[What the exercise asks]:
From the records below, copy each line in which the string "imports" occurs.

[Data to use]:
* * *

(* Let $\alpha,\beta,\gamma$ be partitions with $\alpha_1\le 2$ and let $\Gamma$ be an LR-tableau of type $(\alpha,\beta,\gamma)$; let $x$ be the number of entries $1$ in $\Gamma$. Assume: (1) the number of entries $2$ in $\Gamma$ equals $x$ or $x-1$; (2) every row of $\Gamma$ contains at most one (non-empty) box; (3) if row $j$ contains an entry $2$ and row $i$ contains an entry $1$, then $j>i$. Then there is a bijection between $\mathcal D_\Gamma$ and the set $S_x$ of permutations of $x$ elements.
   Context: For a partition $\lambda$, $\lambda'$ is its conjugate; the diagram of $\lambda$ is drawn with $\lambda'_i$ boxes in row $i$, so the $i$-th row of $\beta\setminus\gamma$ consists of the boxes in columns $\gamma'_i+1,\dots,\beta'_i$. With $\alpha_1\le2$, $\alpha'=(\alpha'_1,\alpha'_2)$. An LR-tableau of type $(\alpha,\beta,\gamma)$ is a filling of $\beta\setminus\gamma$ with $\alpha'_1$ entries $1$ and $\alpha'_2$ entries $2$, weakly increasing along rows, strictly increasing down columns, such that for each $c\ge0$ the number of entries $1$ in columns to the right of column $c$ is at least the number of entries $2$ there. An arc is a pair $(m,n)$, $m>n$ positive integers (source $m$, target $n$); a pole at $n$ is regarded as an arc $(\infty,n)$. An arc diagram of type $(\alpha,\beta,\gamma)$ is a finite multiset of $\alpha'_2$ arcs and $\alpha'_1-\alpha'_2$ poles with, for each $i$, exactly $\beta'_i-\gamma'_i$ members having source or target $i$. It has LR type $\Gamma$ if for each $i$ the number of arcs with source $i$ equals the number of entries $2$ in row $i$ of $\Gamma$; $\mathcal D_\Gamma$ is the set of arc diagrams of type $(\alpha,\beta,\gamma)$ of LR type $\Gamma$. *)

theory Defs
  imports Main "HOL-Library.Multiset" "HOL-Library.Extended_Nat" "HOL-Combinatorics.Permutations"
begin

text \<open>Partitions are lists of positive parts in weakly decreasing order.
  The parts are indexed from 1.\<close>

definition partition :: "nat list \<Rightarrow> bool" where
  "partition xs \<longleftrightarrow> sorted_wrt (\<ge>) xs \<and> 0 \<notin> set xs"

definition part :: "nat list \<Rightarrow> nat \<Rightarrow> nat" where
  "part xs j = (if 1 \<le> j \<and> j \<le> length xs then xs ! (j - 1) else 0)"

definition conj :: "nat list \<Rightarrow> nat \<Rightarrow> nat" where
  "conj xs i = (if i = 0 then 0 else length (filter (\<lambda>a. i \<le> a) xs))"

text \<open>Boxes of the skew diagram beta minus gamma: row i has the boxes in columns
  conj gamma i + 1, ..., conj beta i.  A box is a pair (row, column).\<close>

definition skew_boxes :: "nat list \<Rightarrow> nat list \<Rightarrow> (nat \<times> nat) set" where
  "skew_boxes \<beta> \<gamma> = {(i, c). 1 \<le> i \<and> conj \<gamma> i < c \<and> c \<le> conj \<beta> i}"

definition LR_tableau ::
  "nat list \<Rightarrow> nat list \<Rightarrow> nat list \<Rightarrow> (nat \<times> nat \<Rightarrow> nat) \<Rightarrow> bool" where
  "LR_tableau \<alpha> \<beta> \<gamma> T \<longleftrightarrow>
     (\<forall>i. conj \<gamma> i \<le> conj \<beta> i) \<and>
     (\<forall>b. b \<notin> skew_boxes \<beta> \<gamma> \<longrightarrow> T b = 0) \<and>
     (\<forall>b \<in> skew_boxes \<beta> \<gamma>. T b \<in> {1, 2}) \<and>
     card {b \<in> skew_boxes \<beta> \<gamma>. T b = 1} = conj \<alpha> 1 \<and>
     card {b \<in> skew_boxes \<beta> \<gamma>. T b = 2} = conj \<alpha> 2 \<and>
     (\<forall>i c c'. (i, c) \<in> skew_boxes \<beta> \<gamma> \<and> (i, c') \<in> skew_boxes \<beta> \<gamma> \<and> c < c'
        \<longrightarrow> T (i, c) \<le> T (i, c')) \<and>
     (\<forall>i i' c. (i, c) \<in> skew_boxes \<beta> \<gamma> \<and> (i', c) \<in> skew_boxes \<beta> \<gamma> \<and> i < i'
        \<longrightarrow> T (i, c) < T (i', c)) \<and>
     (\<forall>c. card {b \<in> skew_boxes \<beta> \<gamma>. c < snd b \<and> T b = 2}
          \<le> card {b \<in> skew_boxes \<beta> \<gamma>. c < snd b \<and> T b = 1})"

text \<open>Arcs are pairs (source, target) with source > target \<ge> 1; a pole at n is the
  pair (\<infinity>, n).\<close>

definition arc_diagram ::
  "nat list \<Rightarrow> nat list \<Rightarrow> nat list \<Rightarrow> (enat \<times> nat) multiset \<Rightarrow> bool" where
  "arc_diagram \<alpha> \<beta> \<gamma> D \<longleftrightarrow>
     (\<forall>a \<in># D. 1 \<le> snd a \<and> enat (snd a) < fst a) \<and>
     size (filter_mset (\<lambda>a. fst a \<noteq> \<infinity>) D) = conj \<alpha> 2 \<and>
     size (filter_mset (\<lambda>a. fst a = \<infinity>) D) = conj \<alpha> 1 - conj \<alpha> 2 \<and>
     (\<forall>i \<ge> 1. size (filter_mset (\<lambda>a. fst a = enat i \<or> snd a = i) D)
                = conj \<beta> i - conj \<gamma> i)"
lemma lin_assoc_mult:
  fixes g h :: "'a::{finite,field} poly"
  shows "lin_assoc (g * h) = pcompose (lin_assoc g) (lin_assoc h)"
proof (induction g rule: pCons_induct)
  case (pCons c g)
  have "lin_assoc (pCons c g * h) = smult c (lin_assoc h) + lin_assoc (g * h) ^ CARD('a)"
    by (simp only: mult_pCons_left lin_assoc_add lin_assoc_smult lin_assoc_shift)
  also have "\<dots> = pcompose (smult c pX + lin_assoc g ^ CARD('a)) (lin_assoc h)"
    by (simp only: pCons.IH pcompose_add pcompose_smult pcompose_power_left pcompose_X)
  also have "smult c pX + lin_assoc g ^ CARD('a) = lin_assoc (pCons c g)"
    using lin_assoc_add[of "[:c:]" "pCons 0 g"] by (simp add: lin_assoc_const lin_assoc_shift)
  finally show ?case .
qed simp

(* Since F[X] is commutative, q-associates commute under composition. *)
lemma lin_assoc_commute:
  fixes a b :: "'a::{finite,field} poly"
  shows "pcompose (lin_assoc a) (lin_assoc b) = pcompose (lin_assoc b) (lin_assoc a)"
  by (metis lin_assoc_mult mult.commute)

lemma lin_assoc_X_power_minus_1:
  "lin_assoc (pX ^ k - 1) = pX ^ (CARD('a) ^ k) - (pX :: 'a::{finite,field} poly)"
proof -
  have "lin_assoc (pX ^ k) = (pX :: 'a poly) ^ (CARD('a) ^ k)"
    by (induction k) (simp_all add: lin_assoc_1 lin_assoc_shift power_mult[symmetric] mult.commute)
  thus ?thesis by (simp add: lin_assoc_diff lin_assoc_1)
qed

lemma lin_assoc_frobenius_commute:
  fixes p :: "'a::{finite,field} poly"
  shows "pcompose (pX ^ (CARD('a) ^ k) - pX) (lin_assoc p)
         = pcompose (lin_assoc p) (pX ^ (CARD('a) ^ k) - pX)"
  using lin_assoc_commute[of "pX ^ k - 1" p] by (simp add: lin_assoc_X_power_minus_1)

(* Every monomial of L(g)(u) is a power of u, so u divides L(g)(u). *)
lemma dvd_pcompose_lin_assoc:
  fixes g u :: "'a::{finite,field} poly"
  assumes "P dvd u"
  shows "P dvd pcompose (lin_assoc g) u"
proof -
  have "u dvd u ^ (CARD('a) ^ v)" for v by (simp add: dvd_power)
  hence "u dvd pcompose (lin_assoc g) u"
    unfolding pcompose_lin_assoc by (intro dvd_sum dvd_smult)
  thus ?thesis using assms by (rule dvd_trans[rotated])
qed
(* Let $X$ be a positive random variable with $\mathbb E[X]<\infty$, and let $h>0$ satisfy $0<\mathbb P(X>h)<1$. Define $$\kappa_h=\frac{\mathbb E[X\mathbf 1_{X>h}]}{\mathbb E[X]}=\frac{\mathbb P(X>h)\,\mathbb E[X\mid X>h]}{\mathbb E[X]},$$ and, for $n\in\mathbb N$, $n\ge1$, and $X_1,X_2,\dots$ i.i.d. copies of $X$, $$\widehat\kappa_h(n)=\frac{\sum_{i=1}^n \mathbf 1_{X_i>h}X_i}{\sum_{i=1}^n X_i}.$$ Then for every $n\ge 1$, $$\mathbb E\big[\widehat\kappa_h(n)\big]<\kappa_h,$$ and $\widehat\kappa_h(n)\to\kappa_h$ almost surely and in probability as $n\to\infty$.
   Context: $\mathbf 1_{E}$ denotes the indicator of the event $E$. The threshold $h$ is fixed (not estimated from the sample). *)

theory Defs
  imports "HOL-Probability.Probability"
begin

definition kappa :: "'a measure \<Rightarrow> ('a \<Rightarrow> real) \<Rightarrow> real \<Rightarrow> real" where
  "kappa M Y h = (\<integral>x. Y x * indicator {x\<in>space M. Y x > h} x \<partial>M) / (\<integral>x. Y x \<partial>M)"

definition kappa_hat :: "(nat \<Rightarrow> 'a \<Rightarrow> real) \<Rightarrow> real \<Rightarrow> nat \<Rightarrow> 'a \<Rightarrow> real" where
  "kappa_hat X h n \<omega> =
     (\<Sum>i=1..n. (if X i \<omega> > h then 1 else 0) * X i \<omega>) / (\<Sum>i=1..n. X i \<omega>)"

end

theory Submission
  imports Defs
begin
(* Let $d\ge1$, let $P$ be a probability distribution on $\{0,1\}^d$ with $P(\nu)>0$ for all $\nu$, fix $\omega\in\{0,1\}^d$, and let $\mathcal{Q}_\omega:=\{y\in\mathbb{R}^d\mid A_\omega y\le b_\omega\}$, where $A_\omega$ is the $(2^d-1)\times d$ matrix with rows indexed by $\nu\in\{0,1\}^d\setminus\{\omega\}$, $A_\omega(\nu,i)=1$ if $\nu_i\ne\omega_i$ and $0$ otherwise, and $b_\omega(\nu)=\ln(P(\nu)/P(\omega))$. Let $f_\omega(y):=\prod_{i=1}^d(1+e^{y_i})$ for $y\in\mathbb{R}^d$. Let $F\subseteq\mathcal{Q}_\omega$ be a face of positive dimension and let $\hat y$ be a point in the relative interior of $F$. Then $f_\omega(\hat y)<\max_{y\in\mathcal{Q}_\omega}f_\omega(y)$. More specifically: (1) if the gradient $\nabla f_\omega(\hat y)$ is not orthogonal to $F$, then there is $\hat z\in F$ with $f_\omega(\hat z)>f_\omega(\hat y)$; (2) if $\nabla f_\omega(\hat y)$ is orthogonal to $F$, then $f_\omega(\hat y)$ is a local minimum of $f_\omega$ restricted to $F$.
   Context: A face of $\mathcal{Q}_\omega$ is a nonempty set of the form $\{y\in\mathcal{Q}_\omega\mid A'_\omega y=b'_\omega\}$, where $A'_\omega$, $b'_\omega$ are the submatrix and subvector of $A_\omega$, $b_\omega$ formed by the same set of rows; its dimension is $d-\mathrm{rank}(A'_\omega)$. "Orthogonal to $F$" means orthogonal to every direction in the affine hull of $F$ (i.e. to $\{u-v: u,v\in F\}$). *)

theory Defs
  imports "HOL-Analysis.Analysis"
begin

text \<open>Points of {0,1}^d are functions 'n => bool (d = CARD('n)); y in R^d is real^'n.\<close>

definition Arow :: "('n::finite \<Rightarrow> bool) \<Rightarrow> ('n \<Rightarrow> bool) \<Rightarrow> real^'n" where
  "Arow \<omega> \<nu> = (\<chi> i. if \<nu> i \<noteq> \<omega> i then 1 else 0)"

definition bvec :: "(('n::finite \<Rightarrow> bool) \<Rightarrow> real) \<Rightarrow> ('n \<Rightarrow> bool) \<Rightarrow> ('n \<Rightarrow> bool) \<Rightarrow> real" where
  "bvec P \<omega> \<nu> = ln (P \<nu> / P \<omega>)"

definition Qom :: "(('n::finite \<Rightarrow> bool) \<Rightarrow> real) \<Rightarrow> ('n \<Rightarrow> bool) \<Rightarrow> (real^'n) set" where
  "Qom P \<omega> = {y. \<forall>\<nu>. \<nu> \<noteq> \<omega> \<longrightarrow> Arow \<omega> \<nu> \<bullet> y \<le> bvec P \<omega> \<nu>}"

definition fom :: "real^'n::finite \<Rightarrow> real" where
  "fom y = (\<Prod>i\<in>UNIV. 1 + exp (y $ i))"

definition is_face :: "(('n::finite \<Rightarrow> bool) \<Rightarrow> real) \<Rightarrow> ('n \<Rightarrow> bool) \<Rightarrow> (real^'n) set \<Rightarrow> bool" where
  "is_face P \<omega> F \<longleftrightarrow> F \<noteq> {} \<and>
     (\<exists>S. S \<subseteq> {\<nu>. \<nu> \<noteq> \<omega>} \<and>
          F = {y \<in> Qom P \<omega>. \<forall>\<nu>\<in>S. Arow \<omega> \<nu> \<bullet> y = bvec P \<omega> \<nu>})"
lemma reedy_structures_free_cat_eq_image:
  assumes "finite_quiver Q" and "diameter_one Q"
  shows "reedy_structures (free_cat Q) =
    (\<lambda>\<sigma>. (Qplus Q \<sigma>, Qminus Q \<sigma>)) ` {\<sigma> \<in> labelings Q. acyclic_labeling Q \<sigma>}"
proof (intro equalityI subsetI)
  fix J assume "J \<in> reedy_structures (free_cat Q)"
  then obtain Jp Jm where J: "J = (Jp, Jm)" and reedy: "reedy_structure (free_cat Q) Jp Jm"
    by (auto simp: reedy_structures_def)
  define \<sigma> where "\<sigma> = labeling_of Q Jp"
  have J_eq: "J = (Qplus Q \<sigma>, Qminus Q \<sigma>)"
    using J reedy_structure_eq_Qplus_Qminus[OF assms reedy] unfolding \<sigma>_def by simp
  then have "acyclic_labeling Q \<sigma>"
    using J reedy reedy_structure_Qplus_Qminus_iff[OF assms] by simp
  then show "J \<in> (\<lambda>\<sigma>. (Qplus Q \<sigma>, Qminus Q \<sigma>)) ` {\<sigma> \<in> labelings Q. acyclic_labeling Q \<sigma>}"
    using J_eq labeling_of_in_labelings unfolding \<sigma>_def by blast
next
  fix J assume "J \<in> (\<lambda>\<sigma>. (Qplus Q \<sigma>, Qminus Q \<sigma>)) ` {\<sigma> \<in> labelings Q. acyclic_labeling Q \<sigma>}"
  then show "J \<in> reedy_structures (free_cat Q)"
    unfolding reedy_structures_def using reedy_structure_Qplus_Qminus_iff[OF assms] by blast
qed

theorem mainTheorem5:
  fixes Q :: "('v, 'e) quiver"
  assumes "finite_quiver Q" and "diameter_one Q"
  shows "bij_betw (\<lambda>\<sigma>. (Qplus Q \<sigma>, Qminus Q \<sigma>))
           {\<sigma> \<in> labelings Q. acyclic_labeling Q \<sigma>}
           (reedy_structures (free_cat Q))"
proof (rule bij_betw_imageI)
  show "inj_on (\<lambda>\<sigma>. (Qplus Q \<sigma>, Qminus Q \<sigma>)) {\<sigma> \<in> labelings Q. acyclic_labeling Q \<sigma>}"
    using Qplus_inj_on_labelings[OF assms] unfolding inj_on_def by blast
  show "(\<lambda>\<sigma>. (Qplus Q \<sigma>, Qminus Q \<sigma>)) ` {\<sigma> \<in> labelings Q. acyclic_labeling Q \<sigma>}
      = reedy_structures (free_cat Q)"
    using reedy_structures_free_cat_eq_image[OF assms] by simp
qed

end
(* Let $T$ be a finite rooted tree with a vertex coloring, and suppose that all orbits of $\mathrm{Aut}(T)$ on the set of leaves of $T$ have the same size. Then there exists a vertex-colored graph $H_T$ containing $T$ (with its coloring) as an induced subgraph such that $V(T)$ is invariant under $\mathrm{Aut}(H_T)$, the action of $\mathrm{Aut}(H_T)$ on $V(T)$ is faithful, the action of $\mathrm{Aut}(H_T)$ on the set of leaves of $T$ is semiregular, and the orbits of $\mathrm{Aut}(H_T)$ on $V(T)$ are exactly the orbits of $\mathrm{Aut}(T)$ on $V(T)$.
   Context: For a vertex-colored graph or tree, automorphisms are required to preserve vertex colors (and, for the rooted tree $T$, the tree structure); $\mathrm{Aut}(\cdot)$ denotes the group of such automorphisms. A leaf orbit of $T$ is an orbit of $\mathrm{Aut}(T)$ on the set of leaves. The action of a group on a set is faithful if only the identity acts trivially, and semiregular if every point stabilizer is trivial (only the identity fixes any given point). *)

theory Defs
  imports Main
begin

definition simple_graph :: "'a set \<Rightarrow> ('a \<Rightarrow> 'a \<Rightarrow> bool) \<Rightarrow> bool" where
  "simple_graph V E \<longleftrightarrow>
     (\<forall>x y. E x y \<longrightarrow> x \<in> V \<and> y \<in> V) \<and>
     (\<forall>x y. E x y \<longrightarrow> E y x) \<and> (\<forall>x. \<not> E x x)"

definition connected_graph :: "'a set \<Rightarrow> ('a \<Rightarrow> 'a \<Rightarrow> bool) \<Rightarrow> bool" where
  "connected_graph V E \<longleftrightarrow> (\<forall>x\<in>V. \<forall>y\<in>V. E\<^sup>*\<^sup>* x y)"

* * *

[Exercise result]:
  imports Main "HOL-Library.Multiset" "HOL-Library.Extended_Nat" "HOL-Combinatorics.Permutations"
  imports "HOL-Probability.Probability"
  imports Defs
  imports "HOL-Analysis.Analysis"
  imports Main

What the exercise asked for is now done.